» **Work required**:
The word "lceil" may appear in some lines of the data; copy every such line.

BEGIN Study material

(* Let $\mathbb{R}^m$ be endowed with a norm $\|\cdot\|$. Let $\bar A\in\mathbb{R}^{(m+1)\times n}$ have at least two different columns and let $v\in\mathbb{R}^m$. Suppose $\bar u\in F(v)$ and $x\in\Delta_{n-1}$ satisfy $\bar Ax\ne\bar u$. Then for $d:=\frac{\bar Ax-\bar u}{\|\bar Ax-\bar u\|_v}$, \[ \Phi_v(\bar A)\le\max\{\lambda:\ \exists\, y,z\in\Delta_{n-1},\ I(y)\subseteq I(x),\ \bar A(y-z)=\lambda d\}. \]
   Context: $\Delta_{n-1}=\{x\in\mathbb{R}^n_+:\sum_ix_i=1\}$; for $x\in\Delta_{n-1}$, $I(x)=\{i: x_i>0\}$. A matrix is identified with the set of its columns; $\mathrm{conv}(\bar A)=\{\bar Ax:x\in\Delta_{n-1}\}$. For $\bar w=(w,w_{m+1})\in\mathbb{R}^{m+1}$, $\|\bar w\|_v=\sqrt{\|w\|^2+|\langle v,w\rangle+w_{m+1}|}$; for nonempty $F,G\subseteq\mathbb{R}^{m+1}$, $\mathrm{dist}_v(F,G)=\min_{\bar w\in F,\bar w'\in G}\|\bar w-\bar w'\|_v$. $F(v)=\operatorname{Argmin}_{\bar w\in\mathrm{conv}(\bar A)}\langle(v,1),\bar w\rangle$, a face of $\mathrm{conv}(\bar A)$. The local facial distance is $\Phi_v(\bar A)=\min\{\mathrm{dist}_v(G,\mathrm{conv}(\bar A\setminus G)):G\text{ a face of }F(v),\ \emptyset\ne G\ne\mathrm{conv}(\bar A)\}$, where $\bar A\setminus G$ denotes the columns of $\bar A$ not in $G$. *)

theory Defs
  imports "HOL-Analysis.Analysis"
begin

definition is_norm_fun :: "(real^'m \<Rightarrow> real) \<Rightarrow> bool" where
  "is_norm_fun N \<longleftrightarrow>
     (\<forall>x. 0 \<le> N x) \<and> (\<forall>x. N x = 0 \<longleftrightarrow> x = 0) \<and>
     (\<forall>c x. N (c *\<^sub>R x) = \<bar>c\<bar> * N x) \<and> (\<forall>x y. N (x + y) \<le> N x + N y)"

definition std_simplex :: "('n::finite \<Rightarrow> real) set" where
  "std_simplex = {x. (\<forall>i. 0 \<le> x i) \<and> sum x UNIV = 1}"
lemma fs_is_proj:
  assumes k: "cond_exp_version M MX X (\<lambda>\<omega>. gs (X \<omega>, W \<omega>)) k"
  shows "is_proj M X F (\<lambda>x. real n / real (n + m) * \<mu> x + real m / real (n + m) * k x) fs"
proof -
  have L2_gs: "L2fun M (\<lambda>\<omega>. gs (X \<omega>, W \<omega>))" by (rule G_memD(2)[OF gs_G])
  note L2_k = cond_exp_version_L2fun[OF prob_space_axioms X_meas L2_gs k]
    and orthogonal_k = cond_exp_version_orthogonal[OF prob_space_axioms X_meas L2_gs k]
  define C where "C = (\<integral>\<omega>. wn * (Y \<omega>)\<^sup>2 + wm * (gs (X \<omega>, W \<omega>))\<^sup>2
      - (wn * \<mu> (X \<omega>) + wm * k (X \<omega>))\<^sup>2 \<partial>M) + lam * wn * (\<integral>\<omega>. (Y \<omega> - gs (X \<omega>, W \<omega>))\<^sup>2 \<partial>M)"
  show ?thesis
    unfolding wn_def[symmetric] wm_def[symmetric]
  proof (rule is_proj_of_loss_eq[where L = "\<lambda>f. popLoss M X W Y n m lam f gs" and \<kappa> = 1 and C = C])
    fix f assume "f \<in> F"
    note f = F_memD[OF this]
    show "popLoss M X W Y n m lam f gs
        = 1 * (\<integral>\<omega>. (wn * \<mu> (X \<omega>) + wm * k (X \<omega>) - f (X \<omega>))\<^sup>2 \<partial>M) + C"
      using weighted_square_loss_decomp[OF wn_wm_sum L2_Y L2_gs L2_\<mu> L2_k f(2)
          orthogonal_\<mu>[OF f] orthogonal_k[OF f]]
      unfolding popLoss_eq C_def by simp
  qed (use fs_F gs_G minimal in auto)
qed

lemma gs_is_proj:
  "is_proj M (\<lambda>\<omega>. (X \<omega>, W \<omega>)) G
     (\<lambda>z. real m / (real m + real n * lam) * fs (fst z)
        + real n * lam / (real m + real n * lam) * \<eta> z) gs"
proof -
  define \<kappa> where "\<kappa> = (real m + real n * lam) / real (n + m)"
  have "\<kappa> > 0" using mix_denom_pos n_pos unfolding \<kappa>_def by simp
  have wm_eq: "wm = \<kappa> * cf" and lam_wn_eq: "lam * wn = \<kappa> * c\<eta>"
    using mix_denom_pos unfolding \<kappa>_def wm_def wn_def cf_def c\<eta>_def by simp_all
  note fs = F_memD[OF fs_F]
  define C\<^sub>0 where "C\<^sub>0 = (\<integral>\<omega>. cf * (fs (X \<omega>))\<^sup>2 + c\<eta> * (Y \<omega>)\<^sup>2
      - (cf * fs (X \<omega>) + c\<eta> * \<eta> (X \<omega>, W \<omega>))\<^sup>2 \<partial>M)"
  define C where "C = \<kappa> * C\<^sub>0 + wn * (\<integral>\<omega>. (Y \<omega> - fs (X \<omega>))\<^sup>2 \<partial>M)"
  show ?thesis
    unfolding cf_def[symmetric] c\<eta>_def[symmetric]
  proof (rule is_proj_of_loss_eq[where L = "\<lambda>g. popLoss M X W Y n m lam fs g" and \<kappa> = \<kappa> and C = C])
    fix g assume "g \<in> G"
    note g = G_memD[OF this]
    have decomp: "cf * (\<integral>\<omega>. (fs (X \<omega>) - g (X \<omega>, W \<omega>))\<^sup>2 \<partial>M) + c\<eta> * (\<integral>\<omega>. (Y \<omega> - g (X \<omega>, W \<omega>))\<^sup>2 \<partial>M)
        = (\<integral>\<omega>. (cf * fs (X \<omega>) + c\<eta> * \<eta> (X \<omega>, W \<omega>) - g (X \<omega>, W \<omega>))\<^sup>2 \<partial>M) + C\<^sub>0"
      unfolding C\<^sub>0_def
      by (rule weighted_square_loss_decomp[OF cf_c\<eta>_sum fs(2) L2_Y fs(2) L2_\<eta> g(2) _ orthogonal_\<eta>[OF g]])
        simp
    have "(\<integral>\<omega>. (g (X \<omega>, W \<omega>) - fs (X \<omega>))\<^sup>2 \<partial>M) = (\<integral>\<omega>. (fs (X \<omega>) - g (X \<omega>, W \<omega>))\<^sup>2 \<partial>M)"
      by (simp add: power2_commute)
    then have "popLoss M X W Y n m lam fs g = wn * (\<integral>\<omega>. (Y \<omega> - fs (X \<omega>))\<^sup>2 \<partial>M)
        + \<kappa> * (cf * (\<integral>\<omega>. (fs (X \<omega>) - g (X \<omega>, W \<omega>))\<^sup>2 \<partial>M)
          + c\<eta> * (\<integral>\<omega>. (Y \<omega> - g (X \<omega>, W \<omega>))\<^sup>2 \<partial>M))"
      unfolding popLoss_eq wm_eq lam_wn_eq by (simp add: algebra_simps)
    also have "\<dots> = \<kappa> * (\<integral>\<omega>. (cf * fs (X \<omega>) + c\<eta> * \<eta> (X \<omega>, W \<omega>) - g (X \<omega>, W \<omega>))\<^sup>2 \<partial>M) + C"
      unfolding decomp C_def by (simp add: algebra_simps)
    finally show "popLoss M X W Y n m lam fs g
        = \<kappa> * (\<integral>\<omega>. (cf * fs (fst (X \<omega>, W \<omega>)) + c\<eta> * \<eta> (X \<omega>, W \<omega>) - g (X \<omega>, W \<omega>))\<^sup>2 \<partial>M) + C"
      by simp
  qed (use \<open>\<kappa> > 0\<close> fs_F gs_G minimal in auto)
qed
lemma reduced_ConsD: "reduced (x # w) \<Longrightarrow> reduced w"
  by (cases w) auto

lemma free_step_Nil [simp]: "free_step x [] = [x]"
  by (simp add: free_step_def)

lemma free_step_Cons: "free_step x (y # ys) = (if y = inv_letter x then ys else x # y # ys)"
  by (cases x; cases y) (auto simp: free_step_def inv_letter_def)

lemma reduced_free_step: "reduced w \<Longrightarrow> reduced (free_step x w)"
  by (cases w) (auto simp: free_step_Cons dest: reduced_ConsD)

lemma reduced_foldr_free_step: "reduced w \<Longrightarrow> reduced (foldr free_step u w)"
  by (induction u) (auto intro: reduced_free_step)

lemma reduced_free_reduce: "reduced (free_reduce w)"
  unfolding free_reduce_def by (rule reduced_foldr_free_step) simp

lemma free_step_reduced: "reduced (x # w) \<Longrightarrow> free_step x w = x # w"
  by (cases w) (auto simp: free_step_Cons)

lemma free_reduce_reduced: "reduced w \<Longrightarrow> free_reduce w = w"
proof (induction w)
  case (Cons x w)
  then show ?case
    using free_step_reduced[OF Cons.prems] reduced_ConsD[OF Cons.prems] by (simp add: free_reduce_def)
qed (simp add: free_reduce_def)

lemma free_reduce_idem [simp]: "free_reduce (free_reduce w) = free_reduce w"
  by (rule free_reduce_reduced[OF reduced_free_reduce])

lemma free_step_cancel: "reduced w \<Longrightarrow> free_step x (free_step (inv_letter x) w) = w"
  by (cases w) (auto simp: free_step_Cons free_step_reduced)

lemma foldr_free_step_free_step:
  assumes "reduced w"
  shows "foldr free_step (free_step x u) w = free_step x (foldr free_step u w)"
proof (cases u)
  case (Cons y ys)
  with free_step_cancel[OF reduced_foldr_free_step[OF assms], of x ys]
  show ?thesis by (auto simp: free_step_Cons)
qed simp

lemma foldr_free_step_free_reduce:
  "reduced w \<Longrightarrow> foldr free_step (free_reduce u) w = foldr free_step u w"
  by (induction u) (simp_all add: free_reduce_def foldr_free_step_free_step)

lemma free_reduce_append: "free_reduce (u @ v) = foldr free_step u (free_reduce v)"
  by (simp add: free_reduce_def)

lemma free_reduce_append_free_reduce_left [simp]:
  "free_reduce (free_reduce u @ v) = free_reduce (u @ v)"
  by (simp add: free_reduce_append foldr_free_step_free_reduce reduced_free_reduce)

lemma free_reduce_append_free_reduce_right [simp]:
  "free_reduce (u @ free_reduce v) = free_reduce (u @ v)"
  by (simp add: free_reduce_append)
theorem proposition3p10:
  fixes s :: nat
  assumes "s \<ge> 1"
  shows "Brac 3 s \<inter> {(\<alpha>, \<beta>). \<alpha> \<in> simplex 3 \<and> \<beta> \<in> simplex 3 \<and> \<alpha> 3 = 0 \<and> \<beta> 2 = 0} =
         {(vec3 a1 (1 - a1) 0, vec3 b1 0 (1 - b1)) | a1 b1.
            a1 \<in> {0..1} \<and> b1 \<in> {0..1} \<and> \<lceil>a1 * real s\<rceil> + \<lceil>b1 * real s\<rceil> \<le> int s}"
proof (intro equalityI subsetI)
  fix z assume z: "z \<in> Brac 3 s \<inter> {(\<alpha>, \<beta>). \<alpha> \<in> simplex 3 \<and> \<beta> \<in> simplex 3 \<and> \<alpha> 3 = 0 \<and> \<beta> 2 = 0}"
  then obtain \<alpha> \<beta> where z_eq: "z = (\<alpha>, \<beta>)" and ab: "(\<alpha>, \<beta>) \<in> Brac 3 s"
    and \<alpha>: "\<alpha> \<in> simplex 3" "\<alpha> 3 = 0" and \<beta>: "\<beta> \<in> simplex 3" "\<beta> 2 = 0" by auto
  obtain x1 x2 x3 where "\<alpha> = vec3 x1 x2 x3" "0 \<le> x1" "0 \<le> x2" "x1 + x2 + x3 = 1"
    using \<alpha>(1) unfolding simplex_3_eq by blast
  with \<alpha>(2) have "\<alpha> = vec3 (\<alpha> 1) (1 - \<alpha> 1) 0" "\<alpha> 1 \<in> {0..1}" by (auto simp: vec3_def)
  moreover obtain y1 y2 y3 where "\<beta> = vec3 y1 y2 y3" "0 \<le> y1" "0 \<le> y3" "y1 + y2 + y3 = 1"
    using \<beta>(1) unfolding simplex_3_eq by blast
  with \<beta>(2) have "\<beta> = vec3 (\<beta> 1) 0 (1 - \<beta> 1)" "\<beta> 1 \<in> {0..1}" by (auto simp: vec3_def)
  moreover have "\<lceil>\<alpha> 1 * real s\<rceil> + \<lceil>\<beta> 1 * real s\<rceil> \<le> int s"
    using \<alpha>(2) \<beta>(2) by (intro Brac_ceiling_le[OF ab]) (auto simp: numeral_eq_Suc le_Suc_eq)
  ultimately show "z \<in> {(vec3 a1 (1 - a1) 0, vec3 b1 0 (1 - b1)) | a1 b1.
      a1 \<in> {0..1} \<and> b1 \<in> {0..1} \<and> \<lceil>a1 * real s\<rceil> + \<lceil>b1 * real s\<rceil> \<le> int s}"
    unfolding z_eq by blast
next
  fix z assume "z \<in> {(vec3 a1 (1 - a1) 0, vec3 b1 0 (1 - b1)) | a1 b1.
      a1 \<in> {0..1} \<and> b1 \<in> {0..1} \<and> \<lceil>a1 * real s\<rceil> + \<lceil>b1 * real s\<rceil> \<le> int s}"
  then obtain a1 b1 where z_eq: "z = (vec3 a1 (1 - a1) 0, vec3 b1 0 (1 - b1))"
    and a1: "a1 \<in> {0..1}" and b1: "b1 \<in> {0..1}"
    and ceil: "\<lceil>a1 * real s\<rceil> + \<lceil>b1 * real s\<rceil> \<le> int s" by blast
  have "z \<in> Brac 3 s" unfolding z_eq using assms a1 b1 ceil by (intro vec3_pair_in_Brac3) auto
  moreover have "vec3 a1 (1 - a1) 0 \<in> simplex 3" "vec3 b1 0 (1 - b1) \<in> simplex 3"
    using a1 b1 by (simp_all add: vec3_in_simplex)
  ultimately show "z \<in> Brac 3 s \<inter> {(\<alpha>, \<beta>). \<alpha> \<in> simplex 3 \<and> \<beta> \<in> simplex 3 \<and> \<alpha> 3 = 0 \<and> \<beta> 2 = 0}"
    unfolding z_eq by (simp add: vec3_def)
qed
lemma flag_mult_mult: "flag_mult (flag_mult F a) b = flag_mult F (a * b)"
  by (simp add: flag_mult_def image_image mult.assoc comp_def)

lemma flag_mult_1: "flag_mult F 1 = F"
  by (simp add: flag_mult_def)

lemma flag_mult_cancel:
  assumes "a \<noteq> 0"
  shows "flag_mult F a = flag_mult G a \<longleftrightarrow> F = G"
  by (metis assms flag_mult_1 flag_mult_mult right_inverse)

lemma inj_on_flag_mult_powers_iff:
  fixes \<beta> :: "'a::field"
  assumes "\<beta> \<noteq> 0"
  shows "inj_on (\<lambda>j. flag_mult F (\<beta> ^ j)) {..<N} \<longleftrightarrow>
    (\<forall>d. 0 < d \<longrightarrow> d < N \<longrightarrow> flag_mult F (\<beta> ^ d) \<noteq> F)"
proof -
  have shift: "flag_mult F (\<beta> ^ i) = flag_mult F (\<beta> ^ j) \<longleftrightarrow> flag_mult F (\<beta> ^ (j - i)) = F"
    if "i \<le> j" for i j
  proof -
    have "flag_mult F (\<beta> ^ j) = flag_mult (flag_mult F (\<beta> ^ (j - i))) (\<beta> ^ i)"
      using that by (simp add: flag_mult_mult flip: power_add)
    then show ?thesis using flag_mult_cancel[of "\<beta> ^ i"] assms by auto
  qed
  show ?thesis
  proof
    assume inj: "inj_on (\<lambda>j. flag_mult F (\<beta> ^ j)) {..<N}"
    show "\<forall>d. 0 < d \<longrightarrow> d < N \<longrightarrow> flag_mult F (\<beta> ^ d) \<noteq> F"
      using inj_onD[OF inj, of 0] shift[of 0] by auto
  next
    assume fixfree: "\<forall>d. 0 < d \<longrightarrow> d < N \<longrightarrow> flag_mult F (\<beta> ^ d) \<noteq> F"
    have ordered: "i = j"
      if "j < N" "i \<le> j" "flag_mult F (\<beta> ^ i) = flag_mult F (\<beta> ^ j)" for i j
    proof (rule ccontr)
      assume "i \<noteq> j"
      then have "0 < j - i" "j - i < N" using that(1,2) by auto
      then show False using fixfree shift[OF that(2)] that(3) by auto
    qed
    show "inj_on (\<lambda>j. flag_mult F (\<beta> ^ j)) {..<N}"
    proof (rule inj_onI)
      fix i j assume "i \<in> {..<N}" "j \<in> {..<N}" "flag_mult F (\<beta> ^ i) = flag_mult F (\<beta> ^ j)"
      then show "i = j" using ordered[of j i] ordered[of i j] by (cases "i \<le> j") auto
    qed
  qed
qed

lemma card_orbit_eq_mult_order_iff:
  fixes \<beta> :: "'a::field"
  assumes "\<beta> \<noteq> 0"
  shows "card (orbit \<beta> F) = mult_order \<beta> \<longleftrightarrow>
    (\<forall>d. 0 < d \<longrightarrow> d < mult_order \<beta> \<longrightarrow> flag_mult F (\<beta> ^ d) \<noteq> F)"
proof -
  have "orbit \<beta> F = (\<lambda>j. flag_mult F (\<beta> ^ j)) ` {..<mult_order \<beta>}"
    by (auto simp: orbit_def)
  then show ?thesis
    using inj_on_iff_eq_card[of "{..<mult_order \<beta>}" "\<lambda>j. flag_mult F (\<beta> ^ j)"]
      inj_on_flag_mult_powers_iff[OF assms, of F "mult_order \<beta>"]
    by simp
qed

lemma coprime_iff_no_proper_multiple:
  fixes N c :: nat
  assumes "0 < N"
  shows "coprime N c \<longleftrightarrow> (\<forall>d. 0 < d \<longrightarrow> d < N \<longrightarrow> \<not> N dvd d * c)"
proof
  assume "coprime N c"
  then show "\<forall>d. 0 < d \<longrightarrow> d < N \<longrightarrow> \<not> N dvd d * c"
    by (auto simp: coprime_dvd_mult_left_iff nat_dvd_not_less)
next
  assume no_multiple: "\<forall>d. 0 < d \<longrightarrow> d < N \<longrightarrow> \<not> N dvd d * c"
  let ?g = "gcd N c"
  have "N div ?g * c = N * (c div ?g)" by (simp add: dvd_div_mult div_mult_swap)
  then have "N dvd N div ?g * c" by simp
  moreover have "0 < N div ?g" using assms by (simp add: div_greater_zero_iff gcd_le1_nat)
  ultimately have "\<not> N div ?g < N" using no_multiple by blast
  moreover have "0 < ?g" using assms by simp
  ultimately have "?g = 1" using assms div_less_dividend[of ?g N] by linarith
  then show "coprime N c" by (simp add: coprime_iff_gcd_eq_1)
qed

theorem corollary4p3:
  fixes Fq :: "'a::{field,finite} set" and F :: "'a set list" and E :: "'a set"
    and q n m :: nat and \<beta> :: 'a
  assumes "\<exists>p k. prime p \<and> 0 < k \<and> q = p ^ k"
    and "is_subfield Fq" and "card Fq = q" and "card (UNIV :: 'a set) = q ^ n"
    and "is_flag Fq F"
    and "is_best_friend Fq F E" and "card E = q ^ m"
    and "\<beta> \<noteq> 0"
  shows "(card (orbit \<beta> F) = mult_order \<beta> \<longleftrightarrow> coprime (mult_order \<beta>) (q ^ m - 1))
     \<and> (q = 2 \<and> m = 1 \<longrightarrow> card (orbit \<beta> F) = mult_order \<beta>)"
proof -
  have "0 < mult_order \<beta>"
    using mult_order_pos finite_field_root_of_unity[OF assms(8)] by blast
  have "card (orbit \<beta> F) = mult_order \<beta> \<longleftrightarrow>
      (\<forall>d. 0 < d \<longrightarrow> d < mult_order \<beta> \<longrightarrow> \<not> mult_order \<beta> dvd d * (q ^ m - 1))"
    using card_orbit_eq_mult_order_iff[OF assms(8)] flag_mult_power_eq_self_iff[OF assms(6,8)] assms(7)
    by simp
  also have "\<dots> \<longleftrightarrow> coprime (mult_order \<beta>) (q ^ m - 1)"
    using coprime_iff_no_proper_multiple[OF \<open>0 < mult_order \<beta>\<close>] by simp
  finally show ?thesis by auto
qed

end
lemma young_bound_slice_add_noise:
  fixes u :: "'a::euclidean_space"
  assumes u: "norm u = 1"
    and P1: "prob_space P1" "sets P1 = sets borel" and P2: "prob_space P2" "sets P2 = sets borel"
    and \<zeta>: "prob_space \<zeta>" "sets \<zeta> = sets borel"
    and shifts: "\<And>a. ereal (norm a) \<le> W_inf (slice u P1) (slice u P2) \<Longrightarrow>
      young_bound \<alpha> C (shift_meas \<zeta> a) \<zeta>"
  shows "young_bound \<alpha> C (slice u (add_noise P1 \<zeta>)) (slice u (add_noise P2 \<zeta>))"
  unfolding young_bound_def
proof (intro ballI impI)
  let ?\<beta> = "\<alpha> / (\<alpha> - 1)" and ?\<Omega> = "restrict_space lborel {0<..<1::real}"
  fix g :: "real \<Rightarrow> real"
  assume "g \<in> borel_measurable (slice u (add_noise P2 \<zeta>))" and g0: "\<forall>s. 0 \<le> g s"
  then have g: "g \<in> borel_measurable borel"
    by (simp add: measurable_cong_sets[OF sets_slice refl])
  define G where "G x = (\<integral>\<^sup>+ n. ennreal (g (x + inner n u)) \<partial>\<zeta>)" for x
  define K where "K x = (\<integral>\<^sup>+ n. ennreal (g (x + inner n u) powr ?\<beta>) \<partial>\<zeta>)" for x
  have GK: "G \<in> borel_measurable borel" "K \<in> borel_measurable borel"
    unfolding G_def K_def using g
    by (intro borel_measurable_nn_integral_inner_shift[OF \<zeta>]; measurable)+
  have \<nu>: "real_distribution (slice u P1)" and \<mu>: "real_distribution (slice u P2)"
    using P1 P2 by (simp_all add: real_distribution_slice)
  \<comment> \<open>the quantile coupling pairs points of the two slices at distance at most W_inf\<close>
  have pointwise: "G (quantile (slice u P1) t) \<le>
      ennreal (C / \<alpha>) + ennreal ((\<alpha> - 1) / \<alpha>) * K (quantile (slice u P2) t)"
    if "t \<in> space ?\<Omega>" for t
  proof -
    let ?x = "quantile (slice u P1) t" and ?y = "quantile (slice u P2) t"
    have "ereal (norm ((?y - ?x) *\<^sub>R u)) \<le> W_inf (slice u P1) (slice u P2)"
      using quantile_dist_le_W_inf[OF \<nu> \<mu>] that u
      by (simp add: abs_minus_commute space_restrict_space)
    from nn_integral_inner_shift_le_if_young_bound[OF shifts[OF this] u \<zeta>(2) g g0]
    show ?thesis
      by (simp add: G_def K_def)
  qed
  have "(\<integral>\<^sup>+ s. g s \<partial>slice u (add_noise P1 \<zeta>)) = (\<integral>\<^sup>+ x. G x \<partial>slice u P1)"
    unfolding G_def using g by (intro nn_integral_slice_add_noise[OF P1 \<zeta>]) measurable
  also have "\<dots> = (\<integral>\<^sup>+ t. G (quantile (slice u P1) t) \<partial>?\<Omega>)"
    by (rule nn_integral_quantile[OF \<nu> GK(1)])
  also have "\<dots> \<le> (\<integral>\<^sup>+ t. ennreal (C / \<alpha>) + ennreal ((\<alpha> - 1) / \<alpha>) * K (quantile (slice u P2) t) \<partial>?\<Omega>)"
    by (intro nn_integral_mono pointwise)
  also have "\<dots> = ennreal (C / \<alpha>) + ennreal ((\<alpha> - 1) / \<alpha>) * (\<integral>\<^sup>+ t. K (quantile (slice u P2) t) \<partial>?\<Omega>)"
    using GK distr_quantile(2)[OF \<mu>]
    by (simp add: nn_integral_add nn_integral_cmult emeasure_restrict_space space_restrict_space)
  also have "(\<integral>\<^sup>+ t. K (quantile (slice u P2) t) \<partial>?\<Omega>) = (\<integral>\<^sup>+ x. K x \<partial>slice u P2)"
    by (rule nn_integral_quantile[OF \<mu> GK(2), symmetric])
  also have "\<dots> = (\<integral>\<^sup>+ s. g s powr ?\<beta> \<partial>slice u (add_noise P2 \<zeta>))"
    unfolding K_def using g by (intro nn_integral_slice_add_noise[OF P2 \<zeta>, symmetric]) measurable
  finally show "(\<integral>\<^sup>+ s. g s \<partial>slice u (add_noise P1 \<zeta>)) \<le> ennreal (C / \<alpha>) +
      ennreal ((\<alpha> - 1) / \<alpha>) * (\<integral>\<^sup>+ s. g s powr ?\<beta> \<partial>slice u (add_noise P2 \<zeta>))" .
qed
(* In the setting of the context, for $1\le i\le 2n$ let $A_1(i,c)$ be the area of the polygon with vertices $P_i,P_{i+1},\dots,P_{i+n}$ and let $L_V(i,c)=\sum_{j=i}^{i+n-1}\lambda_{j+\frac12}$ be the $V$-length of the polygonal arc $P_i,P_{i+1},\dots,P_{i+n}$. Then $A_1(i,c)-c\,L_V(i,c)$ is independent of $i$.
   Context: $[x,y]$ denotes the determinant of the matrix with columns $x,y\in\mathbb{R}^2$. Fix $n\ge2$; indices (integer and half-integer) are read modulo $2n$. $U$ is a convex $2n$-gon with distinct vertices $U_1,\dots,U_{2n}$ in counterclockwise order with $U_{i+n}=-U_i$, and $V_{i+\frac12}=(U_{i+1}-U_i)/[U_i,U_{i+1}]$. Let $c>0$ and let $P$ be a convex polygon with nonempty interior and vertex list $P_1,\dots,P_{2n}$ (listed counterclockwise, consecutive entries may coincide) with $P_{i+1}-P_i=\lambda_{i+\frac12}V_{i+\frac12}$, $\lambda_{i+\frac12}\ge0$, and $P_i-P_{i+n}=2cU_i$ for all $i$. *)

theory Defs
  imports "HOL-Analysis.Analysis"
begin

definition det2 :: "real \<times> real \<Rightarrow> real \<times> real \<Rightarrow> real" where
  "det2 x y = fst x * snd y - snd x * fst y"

END Study material

» **Result of this task**:
            a1 \<in> {0..1} \<and> b1 \<in> {0..1} \<and> \<lceil>a1 * real s\<rceil> + \<lceil>b1 * real s\<rceil> \<le> int s}"
  moreover have "\<lceil>\<alpha> 1 * real s\<rceil> + \<lceil>\<beta> 1 * real s\<rceil> \<le> int s"
      a1 \<in> {0..1} \<and> b1 \<in> {0..1} \<and> \<lceil>a1 * real s\<rceil> + \<lceil>b1 * real s\<rceil> \<le> int s}"
      a1 \<in> {0..1} \<and> b1 \<in> {0..1} \<and> \<lceil>a1 * real s\<rceil> + \<lceil>b1 * real s\<rceil> \<le> int s}"
    and ceil: "\<lceil>a1 * real s\<rceil> + \<lceil>b1 * real s\<rceil> \<le> int s" by blast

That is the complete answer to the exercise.